葛拴住问赤脚医生:“三个月以后我就能完全恢复,下地干活了?”
赤脚医生给他一个“你在想什么屁吃”的眼神嗤笑一声:“是三个月以后就上冻了,你可以猫冬好好养你的腿,开春就好了。”
葛拴住觉得赤脚医生给他上药包扎一直叮嘱他疼也忍着点是知道他心疼的直抽抽。
他这是偷鸡不成蚀把米,事办砸了他自然不敢去找高明睿要人家许的好处,花着钱遭着罪他认了,可从现在一直到老秋一点工分没有那不是要他的命吗?

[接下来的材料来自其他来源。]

text \<open>
  Let \<open>S\<close> be the set of parts of a bar partition \<open>\<lambda>\<close>. The hook lengths of the double distinct
  partition are the sums \<open>\<lambda>\<^sub>i + \<lambda>\<^sub>j\<close> of two parts (cells in the square \<open>r \<times> r\<close>) and the differences
  \<open>\<lambda>\<^sub>i - m\<close> with \<open>m < \<lambda>\<^sub>i\<close> not a part (cells outside it). Hence it is a \<open>t\<close>-core iff \<open>S\<close> is closed
  under subtracting \<open>t\<close> and no two parts add up to \<open>t\<close>. For \<open>t = 6\<close> such an \<open>S\<close> is an initial
  segment of the residue class 1 or 5 together with one of the class 2 or 4 (mod 6); recording
  their signed lengths \<open>a\<close>, \<open>b\<close> gives a bijection with \<open>\<int>\<^sup>2\<close> under which \<open>\<Sum>S = 3a\<^sup>2 - 2a + 3b\<^sup>2 - b\<close>.
  Finally \<open>(x, y) = (6a - 2, 6b - 1)\<close> satisfies \<open>x\<^sup>2 + y\<^sup>2 = 12 \<Sum>S + 5\<close>, and these are exactly the
  solutions with \<open>x \<equiv> 4\<close>, \<open>y \<equiv> 5 (mod 6)\<close>; swapping and sign changes show that they form one
  eighth of all solutions.
\<close>

lemma finite_down_closed_eq_lessThan:
  fixes K :: "nat set"
  assumes fin: "finite K" and down: "\<And>x y. x \<in> K \<Longrightarrow> y \<le> x \<Longrightarrow> y \<in> K"
  shows "K = {..<card K}"
proof
  show "K \<subseteq> {..<card K}"
  proof
    fix x assume "x \<in> K"
    then have "{..x} \<subseteq> K" using down by auto
    then have "card {..x} \<le> card K" by (rule card_mono[OF fin])
    then show "x \<in> {..<card K}" by simp
  qed
  show "{..<card K} \<subseteq> K"
  proof
    fix n assume n: "n \<in> {..<card K}"
    show "n \<in> K"
    proof (rule ccontr)
      assume "n \<notin> K"
      then have "K \<subseteq> {..<n}" using down by (meson lessThan_iff not_le subsetI)
      then have "card K \<le> n" by (metis card_lessThan card_mono finite_lessThan)
      then show False using n by simp
    qed
  qed
qed

definition minus_closed :: "nat \<Rightarrow> nat set \<Rightarrow> bool" where
  "minus_closed t A \<longleftrightarrow> (\<forall>a\<in>A. t \<le> a \<longrightarrow> a - t \<in> A)"

definition no_pair_sum :: "nat \<Rightarrow> nat set \<Rightarrow> bool" where
  "no_pair_sum t A \<longleftrightarrow> (\<forall>a\<in>A. \<forall>b\<in>A. a + b \<noteq> t)"

locale bar_diagram =
  fixes l :: "nat list"
  assumes bar: "bar_partition l"
begin

abbreviation r :: nat where "r \<equiv> length l"

definition row_end :: "nat \<Rightarrow> nat" where
  "row_end k = k + l ! k"

text \<open>For \<open>j \<ge> r\<close> this is the length of column \<open>j\<close> of the diagram.\<close>
definition rows_reaching :: "nat \<Rightarrow> nat" where
  "rows_reaching j = card {k. k < r \<and> j \<le> row_end k}"

abbreviation D :: "(nat \<times> nat) set" where
  "D \<equiv> double_distinct l"

lemma part_pos: "k < r \<Longrightarrow> 0 < l ! k"
  using bar unfolding bar_partition_def by simp

lemma part_gap: "k \<le> k' \<Longrightarrow> k' < r \<Longrightarrow> l ! k' + (k' - k) \<le> l ! k"
proof (induction k')
  case (Suc k')
  show ?case
  proof (cases "k = Suc k'")
    case False
    then have "l ! k' + (k' - k) \<le> l ! k" using Suc by simp
    moreover have "l ! Suc k' < l ! k'"
      using bar Suc.prems sorted_wrt_nth_less[of "(>)" l k' "Suc k'"]
      unfolding bar_partition_def by simp
    ultimately show ?thesis using False Suc.prems by simp
  qed simp
qed simp
(* Let $A$ be a dense subspace of a topological space $X$. If $C(A)$ has the countable sup property, then $C(X)$ has the countable sup property.
   Context: $C(Y)$ denotes the vector lattice of all real-valued continuous functions on a space $Y$ with the pointwise order. A vector lattice has the countable sup property if every nonempty subset possessing a supremum contains a countable subset with the same supremum. *)

theory Defs
  imports "HOL-Analysis.Analysis"
begin

text \<open>Functions are represented extensionally (value 0 outside the carrier),
  so that the pointwise order on functions is the pointwise order on X.\<close>
definition Cfun :: "'a topology \<Rightarrow> ('a \<Rightarrow> real) set" where
  "Cfun X = {f. continuous_map X euclideanreal f \<and> (\<forall>x. x \<notin> topspace X \<longrightarrow> f x = 0)}"

definition is_sup_in :: "('a \<Rightarrow> real) set \<Rightarrow> ('a \<Rightarrow> real) set \<Rightarrow> ('a \<Rightarrow> real) \<Rightarrow> bool" where
  "is_sup_in V S s \<longleftrightarrow> s \<in> V \<and> (\<forall>g\<in>S. g \<le> s) \<and> (\<forall>h\<in>V. (\<forall>g\<in>S. g \<le> h) \<longrightarrow> s \<le> h)"

definition countable_sup_property :: "('a \<Rightarrow> real) set \<Rightarrow> bool" where
  "countable_sup_property V \<longleftrightarrow>
     (\<forall>S s. S \<subseteq> V \<and> S \<noteq> {} \<and> is_sup_in V S s \<longrightarrow>
        (\<exists>T. T \<subseteq> S \<and> countable T \<and> is_sup_in V T s))"

end

(*
  C(Y) has the countable sup property exactly when Y satisfies the countable chain condition for
  cozero sets {f > 0}: every disjoint family of nonempty ones is countable.  This condition passes
  from a dense subspace A to X, because nonempty open sets meet A, so a disjoint family Z of cozero
  sets of X gives the disjoint family Z \<inter> A of cozero sets of A of the same cardinality.

  If the chain condition holds and s = sup S, choose for every n a maximal disjoint family of
  nonempty cozero sets on each of which some g \<in> S exceeds s - 1/(n+1).  These families are
  countable, and the chosen functions g form a countable T \<subseteq> S with sup T = s: an upper bound
  h < s somewhere would leave room for one more such cozero set inside {s - h > 1/(n+1)}.
  Conversely, an uncountable disjoint family F of cozero sets makes the constant 1 the supremum of
  the functions below 1 that are nonpositive on \<Union>F outside one member of F; a countable
  subfamily only uses countably many members, and 1 minus a bump on an unused member is a smaller
  upper bound.
*)
theory Submission
  imports Defs
begin

lemma disjoint_subfamily_meeting_all:
  "\<exists>M\<subseteq>P. pairwise disjnt M \<and> (\<forall>Z\<in>P. Z \<noteq> {} \<longrightarrow> (\<exists>W\<in>M. Z \<inter> W \<noteq> {}))"
proof -
  let ?D = "{M. M \<subseteq> P \<and> pairwise disjnt M}"
  have "\<forall>C\<in>chains ?D. \<Union>C \<in> ?D"
  proof
    fix C assume "C \<in> chains ?D"
    then have "C \<subseteq> ?D" "chain\<^sub>\<subseteq> C" by (auto simp: chains_def)
    then show "\<Union>C \<in> ?D"
      by (auto intro: pairwise_chain_Union)
  qed
  then obtain M where M: "M \<in> ?D" and max: "\<forall>N\<in>?D. M \<subseteq> N \<longrightarrow> N = M"
    by (blast dest: Zorn_Lemma)
  have meets: "\<forall>Z\<in>P. Z \<noteq> {} \<longrightarrow> (\<exists>W\<in>M. Z \<inter> W \<noteq> {})"
  proof (intro ballI impI)
    fix Z assume Z: "Z \<in> P" "Z \<noteq> {}"
    show "\<exists>W\<in>M. Z \<inter> W \<noteq> {}"
    proof (rule ccontr)
      assume "\<not> ?thesis"
      then have "insert Z M \<in> ?D"
        using M Z by (auto simp: pairwise_insert disjnt_def)
      then have "Z \<in> M"
        using max by blast
      with \<open>\<not> ?thesis\<close> Z(2) show False
        by blast
    qed
  qed
  show ?thesis
    using M meets by (intro exI[of _ M]) simp
qed

definition positive_set :: "'a topology \<Rightarrow> ('a \<Rightarrow> real) \<Rightarrow> 'a set" where
  "positive_set Y f = {x \<in> topspace Y. 0 < f x}"
definition fresh :: "nat \<Rightarrow> nat set" where
  "fresh j = set (M (4 * j + 2)) - set (M (4 * j))"

definition target :: "nat \<Rightarrow> nat" where
  "target j = (let p = M (4 * j + 3) ! (4 * j + 2) in if p \<in> fresh j then p else Min (fresh j))"

lemma card_fresh: "j < J \<Longrightarrow> card (fresh j) = 2"
  unfolding fresh_def by (subst card_set_M_diff) auto

lemma target_in_fresh: "j < J \<Longrightarrow> target j \<in> fresh j"
  using card_fresh[of j] by (auto simp: target_def Let_def card_ge_0_finite intro: Min_in)

lemma ws_entry:
  assumes "i < 4 * J" and "r < m"
  shows "ws ! i ! r = (if r \<in> adversary_support alg m (take i ws) then 1 else 0)"
  using assms by (simp add: ws_def nth_adversary_rows indicator_row_def)

lemma ws_entry_nonneg: "i < 4 * J \<Longrightarrow> r < m \<Longrightarrow> 0 \<le> ws ! i ! r"
  by (simp add: ws_entry)

lemma ws_round_entries:
  assumes "j < J" and "r < m"
  shows "ws ! (4 * j) ! r = 0" and "ws ! (4 * j + 1) ! r = 0"
    and "ws ! (4 * j + 2) ! r = (if r \<in> fresh j then 1 else 0)"
    and "ws ! (4 * j + 3) ! r = (if r = target j then 1 else 0)"
  using assms
  by (simp_all add: ws_entry adversary_support_def Let_def out_take fresh_def target_def
      mod_mult_self3 mod_mult_self4 del: add_2_eq_Suc' numeral_3_eq_3)

lemma final_M_less_m: "i < 4 * J \<Longrightarrow> M (4 * J) ! i < m"
  using M_less_m[of "4 * J"] by simp

lemma round_weight_final_le_1:
  assumes "j < J"
  shows "round_weight ws (M (4 * J)) j \<le> 1"
proof -
  let ?F = "M (4 * J)"
  have j3: "4 * j + 3 < 4 * J" using assms by simp
  have "?F ! (4 * j + 3) \<noteq> target j" if "?F ! (4 * j + 2) \<in> fresh j"
  proof -
    have "fresh j \<subseteq> set (M (4 * j + 3))"
      unfolding fresh_def using j3 set_M_mono[of "4 * j + 2" "4 * j + 3"] by auto
    moreover have "?F ! (4 * j + 2) = M (4 * j + 3) ! (4 * j + 2)
        \<or> ?F ! (4 * j + 2) \<notin> set (M (4 * j + 3))"
      using M_nth_persistent[of "4 * j + 2" "4 * J"] j3 by (simp add: numeral_3_eq_3)
    ultimately have "?F ! (4 * j + 2) = M (4 * j + 3) ! (4 * j + 2)" using that by blast
    with that have "target j = ?F ! (4 * j + 2)" by (simp add: target_def)
    moreover have "?F ! (4 * j + 3) \<noteq> ?F ! (4 * j + 2)"
      using distinct_M[of "4 * J"] j3 by (simp add: nth_eq_iff_index_eq)
    ultimately show ?thesis by simp
  qed
  then show ?thesis
    using j3 ws_round_entries[OF assms final_M_less_m, of "4 * j + 3"]
      ws_round_entries[OF assms final_M_less_m, of "4 * j + 2"]
      ws_round_entries[OF assms final_M_less_m, of "4 * j + 1"]
      ws_round_entries[OF assms final_M_less_m, of "4 * j"]
    by (auto simp: round_weight_expand)
qed

lemma final_weight_le: "final_weight alg m ws \<le> J"
proof -
  have "final_weight alg m ws = (\<Sum>j<J. round_weight ws (M (4 * J)) j)"
    unfolding final_weight_def by (simp add: mweight_eq_sum_round_weight)
  also have "\<dots> \<le> (\<Sum>j<J. 1)" by (intro sum_mono round_weight_final_le_1) simp
  finally show ?thesis by simp
qed

definition opt_block :: "nat \<Rightarrow> nat list" where
  "opt_block j = sorted_list_of_set (set (M (4 * j + 4)) - set (M (4 * j + 2)))
     @ sorted_list_of_set (fresh j - {target j}) @ [target j]"

lemma opt_block_spec:
  assumes "j < J"
  shows "length (opt_block j) = 4"
    and "set (opt_block j) = set (M (4 * j + 4)) - set (M (4 * j))"
    and "opt_block j ! 2 \<in> fresh j"
    and "opt_block j ! 3 = target j"
proof -
  let ?Y = "set (M (4 * j + 4)) - set (M (4 * j + 2))"
  have "card ?Y = 2" using assms by (subst card_set_M_diff) auto
  then have Y: "length (sorted_list_of_set ?Y) = 2" "set (sorted_list_of_set ?Y) = ?Y"
    by (simp_all add: card_ge_0_finite)
  have "card (fresh j - {target j}) = 1"
    using card_fresh[OF assms] target_in_fresh[OF assms] by simp
  then obtain x where x: "fresh j - {target j} = {x}" by (auto simp: card_1_singleton_iff)
  then have "x \<in> fresh j" by blast
  have "fresh j = {x, target j}" using x target_in_fresh[OF assms] by blast
  have block: "opt_block j = sorted_list_of_set ?Y @ [x, target j]"
    by (simp add: opt_block_def x)
  show "length (opt_block j) = 4" using Y by (simp add: block)
  show "opt_block j ! 2 \<in> fresh j" "opt_block j ! 3 = target j"
    using Y \<open>x \<in> fresh j\<close> by (simp_all add: block nth_append)
  have "set (M (4 * j)) \<subseteq> set (M (4 * j + 2))" "set (M (4 * j + 2)) \<subseteq> set (M (4 * j + 4))"
    using assms by (simp_all add: set_M_mono)
  then show "set (opt_block j) = set (M (4 * j + 4)) - set (M (4 * j))"
    using Y \<open>fresh j = {x, target j}\<close> unfolding block fresh_def by auto
qed

definition opt_witness :: "nat list" where
  "opt_witness = concat (map opt_block [0..<J])"

lemma set_concat_opt_block: "K \<le> J \<Longrightarrow> set (concat (map opt_block [0..<K])) = set (M (4 * K))"
proof (induction K)
  case (Suc K)
  have "set (M (4 * K)) \<subseteq> set (M (4 * K + 4))" using Suc.prems by (simp add: set_M_mono)
  then have "set (concat (map opt_block [0..<Suc K])) = set (M (4 * K + 4))"
    using Suc opt_block_spec(2)[of K] by auto
  then show ?case by (simp add: add.commute)
qed (simp add: out_def)

lemma lpm_opt_witness: "lpm m (4 * J) opt_witness"
proof -
  have len: "length opt_witness = 4 * J"
    unfolding opt_witness_def by (simp add: length_concat_equal_length opt_block_spec(1))
  have set: "set opt_witness = set (M (4 * J))"
    unfolding opt_witness_def by (rule set_concat_opt_block) simp
  then have "distinct opt_witness" using len card_set_M[of "4 * J"] by (simp add: card_distinct)
  then show ?thesis using len set M_less_m[of "4 * J"] by (auto simp: lpm_def)
qed
(* Let $\Gamma$ and $\Delta$ be LJB-contexts, $A$ a formula and $V$ a set of variables such that $A$ has no free variable in $V$. Let $\Sigma_1\vdash E_1$ be a flattening of the LJB-sequent $\Gamma,[\Delta]_V\vdash A$ and $\Sigma_2\vdash E_2$ a flattening of $[\Gamma]_V,[\Delta]_V\vdash A$. Then $\Sigma_1\vdash E_1$ and $\Sigma_2\vdash E_2$ are $\overline{\alpha}$-equivalent.
   Context: Formulas of minimal predicate logic: $A ::= P(t_1,\dots,t_n)\mid A\rightarrow A\mid \forall x\,A$ with first-order terms $t ::= x\mid f(t_1,\dots,t_n)$. LJ$^{+}$-sequent: finite multiset of formulas $\vdash$ formula. LJB-contexts and items: an LJB-context is a finite multiset of items; an item is a formula or $[\Gamma]_V$ with $V$ a finite set of variables (bound by the bracket) and $\Gamma$ an LJB-context; $FV([\Gamma]_V)=FV(\Gamma)\setminus V$. An LJB-sequent $\Gamma\vdash A$ is an LJB-context and a formula. A fresh $\alpha$-variant of an LJB-sequent is an $\alpha$-equivalent LJB-sequent (renaming variables bound by quantifiers or brackets) in which bound variables are pairwise distinct and distinct from free variables; a flattening of an LJB-sequent is an LJ$^{+}$-sequent obtained by erasing all brackets in a fresh $\alpha$-variant of it. Two LJ$^{+}$-sequents $\Gamma\vdash A$ and $\Gamma'\vdash A'$ are $\overline{\alpha}$-equivalent if there exist substitutions $\sigma,\sigma'$ (renamings of variables, so that the two sequents differ only by names of bound and free variables) such that $\sigma(\Gamma\vdash A)$ is $\alpha$-equivalent to $\Gamma'\vdash A'$ and $\sigma'(\Gamma'\vdash A')$ is $\alpha$-equivalent to $\Gamma\vdash A$. *)

theory Defs
  imports Main "HOL-Library.Multiset" "HOL-Library.FSet"
begin
(* Let $k\in\mathbb N$, $\xi'=(\xi_1,\dots,\xi_{k+1})\in\mathcal P_0^{k+1}$ with $\xi_1=z$, and $\xi=(\xi_1,\dots,\xi_k)$. Then $\pi_{\xi'}(p)\le\pi_\xi(p)$ for all $p\in\mathbb C[z]$. Moreover, if $U$ is a connected open subset of $\gamma(\xi)\mathbb D$ with $0\in U$ and $\xi_{k+1}(U)\subseteq\mathbb D$, and $q\in\mathbb C[z]\setminus\{0\}$ is a divisor of $\xi_{k+1}$ (in $\mathbb C[z]$) with all its zeros in $U$, then $\pi_{\xi,q}(p)\le\pi_{\xi'}(p)$ for every $p\in\mathbb C[z]$.
   Context: $\mathbb D$ is the open unit disk, $\mathcal P_0=\{p\in\mathbb C[z]:p(0)=0\}$. For $k\in\mathbb N$, $\mathcal A^{[k]}$ is the Banach algebra of power series $a=\sum_{n\in\mathbb Z_+^k}a_nu_1^{n_1}\cdots u_k^{n_k}$ with $\|a\|_{[k]}=\sum|a_n|<\infty$ (functions continuous on the closed polydisk, holomorphic on $\mathbb D^k$). For $\xi\in\mathcal P_0^k$, $\gamma(\xi)=\sup\{c>0:\xi_j(c\mathbb D)\subseteq\mathbb D,\ 1\le j\le k\}$ and $\Phi_\xi(a)(z)=a(\xi_1(z),\dots,\xi_k(z))$, a holomorphic function on $\gamma(\xi)\mathbb D$. When $\xi_1=z$, every polynomial lies in $\Phi_\xi(\mathcal A^{[k]})$, and one defines $\pi_\xi(p)=\inf\{\|a\|_{[k]}:a\in\mathcal A^{[k]},\ \Phi_\xi(a)=p\}$. For a nonzero polynomial $q$ with all zeros in $\gamma(\xi)\mathbb D$ and $f$ holomorphic on $\gamma(\xi)\mathbb D$, $q\mid f$ means every zero of $q$ of order $j$ is a zero of $f$ of order $\ge j$; then $\pi_{\xi,q}(p)=\inf\{\|a\|_{[k]}:a\in\mathcal A^{[k]},\ q\mid(p-\Phi_\xi(a))\}$. *)

theory Defs
  imports "HOL-Analysis.Analysis" "HOL-Computational_Algebra.Polynomial"
begin
(* In the algorithm setup, let $R(\mathbf z^L)\in\{\pm1\}^V$ be the randomized rounding of $\mathbf z^L=(z^L_i)_{i\in V}$. Then there is a constant $C$, independent of $n=|V|$, such that for all $t\ge0$, $$\mathbb P\Big(\Big|\frac1{\alpha n}\sum_{a\in E}\big(f(R(\mathbf z^L)_{\partial a})-\mathbb E[f(R(\mathbf z^L)_{\partial a})]\big)\Big|\ge t\Big)\le C e^{-nt^2/(2C)},$$ where $\alpha=d/r$, the probability being over the Gaussians $z^0$ and the rounding.
   Context: Algorithm setup. Fix $r\ge2$ and a predicate $f:\{\pm1\}^r\to\{0,1\}$, identified with its multilinear extension $f(x)=\sum_{S\subseteq[r]}\hat f(S)\prod_{\iota\in S}x_\iota$ on $\mathbb R^r$, and assume $\hat f(S)=0$ whenever $|S|=1$. Fix $\delta>0$ and let $L=\lfloor1/\delta\rfloor$. Let $G=(V,E)$ be a hypergraph whose hyperedges (factors) $a$ are ordered $r$-tuples $\partial a=(v_{a,1},\dots,v_{a,r})$ of distinct vertices (variables), which is $d$-index-regular: every variable lies in exactly $d$ factors, and for each $\iota\in[r]$ it is the $\iota$-th entry of exactly $d/r$ factors. Write $\partial i$ for the set of factors containing $i$. Assume the bipartite variable–factor incidence graph (factor graph) of $G$ has no cycle of length less than $4L+4$. For a factor $a$ and $j\in\partial a$, $\mathsf D_{j;a}f$ is the partial derivative of (multilinear) $f$ in the coordinate $\iota$ with $v_{a,\iota}=j$. Fix $K>0$ and functions $F_{\to,\ell},F_\ell:\mathbb R^\ell\to[-K,K]$ for $0\le\ell\le L-1$ (constants when $\ell=0$). Randomness: $z_i^0$, $i\in V$, i.i.d. $\mathcal N(0,\delta)$; set $z^0_{i\to a}=z_i^0$, $w_i^0=w^0_{i\to a}=0$. For $\ell=0,\dots,L-1$: $A^\ell_{i\to a}=F_{\to,\ell}(u^1_{i\to a},\dots,u^\ell_{i\to a})$, $A^\ell_i=F_\ell(u^1_i,\dots,u^\ell_i)$; with $\mathbf z^\ell_{\partial b\to b}=(z^\ell_{v_{b,1}\to b},\dots,z^\ell_{v_{b,r}\to b})$, $w^{\ell+1}_{i\to a}=(d-1)^{-1/2}\sum_{b\in\partial i\setminus a}\mathsf D_{i;b}f(\mathbf z^\ell_{\partial b\to b})$, $u^{\ell+1}_{i\to a}=w^{\ell+1}_{i\to a}-w^\ell_{i\to a}$, $z^{\ell+1}_{i\to a}=z_i^0+\sum_{s=1}^{\ell+1}A^{s-1}_{i\to a}u^s_{i\to a}$; $w^{\ell+1}_i=d^{-1/2}\sum_{b\in\partial i}\mathsf D_{i;b}f(\mathbf z^\ell_{\partial b\to b})$, $u^{\ell+1}_i=w^{\ell+1}_i-w^\ell_i$, $z^{\ell+1}_i=z_i^0+\sum_{s=1}^{\ell+1}A^{s-1}_iu^s_i$. Rounding: $\mathrm{trnc}(x)=\max(-1,\min(1,x))$; $R$ acts independently on each vertex, setting $R(\mathbf z^L)_i=+1$ with probability $(1+\mathrm{trnc}(z^L_i))/2$ and $-1$ otherwise; $R(\mathbf z^L)_{\partial a}$ is the restriction to the ordered tuple $\partial a$. *)

theory Defs
  imports "HOL-Probability.Probability"
begin

(* Conventions: vertices are {..<n}, factors are {..<m}; factor a has ordered
   tuple (edge a 0, ..., edge a (r-1)) (positions 0-based).
   Points of R^r / {+-1}^r are functions nat => real that vanish for indices >= r. *)

definition pm_cube :: "nat \<Rightarrow> (nat \<Rightarrow> real) set" where
  "pm_cube r = {x. (\<forall>\<iota><r. x \<iota> = 1 \<or> x \<iota> = -1) \<and> (\<forall>\<iota>. r \<le> \<iota> \<longrightarrow> x \<iota> = 0)}"

definition fourier_coeff :: "nat \<Rightarrow> ((nat \<Rightarrow> real) \<Rightarrow> real) \<Rightarrow> nat set \<Rightarrow> real" where
  "fourier_coeff r f S = (\<Sum>x\<in>pm_cube r. f x * (\<Prod>\<iota>\<in>S. x \<iota>)) / 2 ^ r"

这个时候他完全忘记了分配一个小姑娘去干壮劳动力都很难撑下来的活计,会不会要了那个小姑娘的命。
其实大多数人都是双标的,差别只在程度不同而已。
幸亏大队长高海东会做人,派他去看屯子里那两亩即将成熟的香瓜,一天给算五分总也比一分没有强。
这个活计基本上跟高粱地里戳的稻草人没什么区别,就是告诉大家瓜田里有人看青了,吓唬一下屯子里那些想顺手牵瓜的人,这个时候还真没有那种职业神偷过来光顾。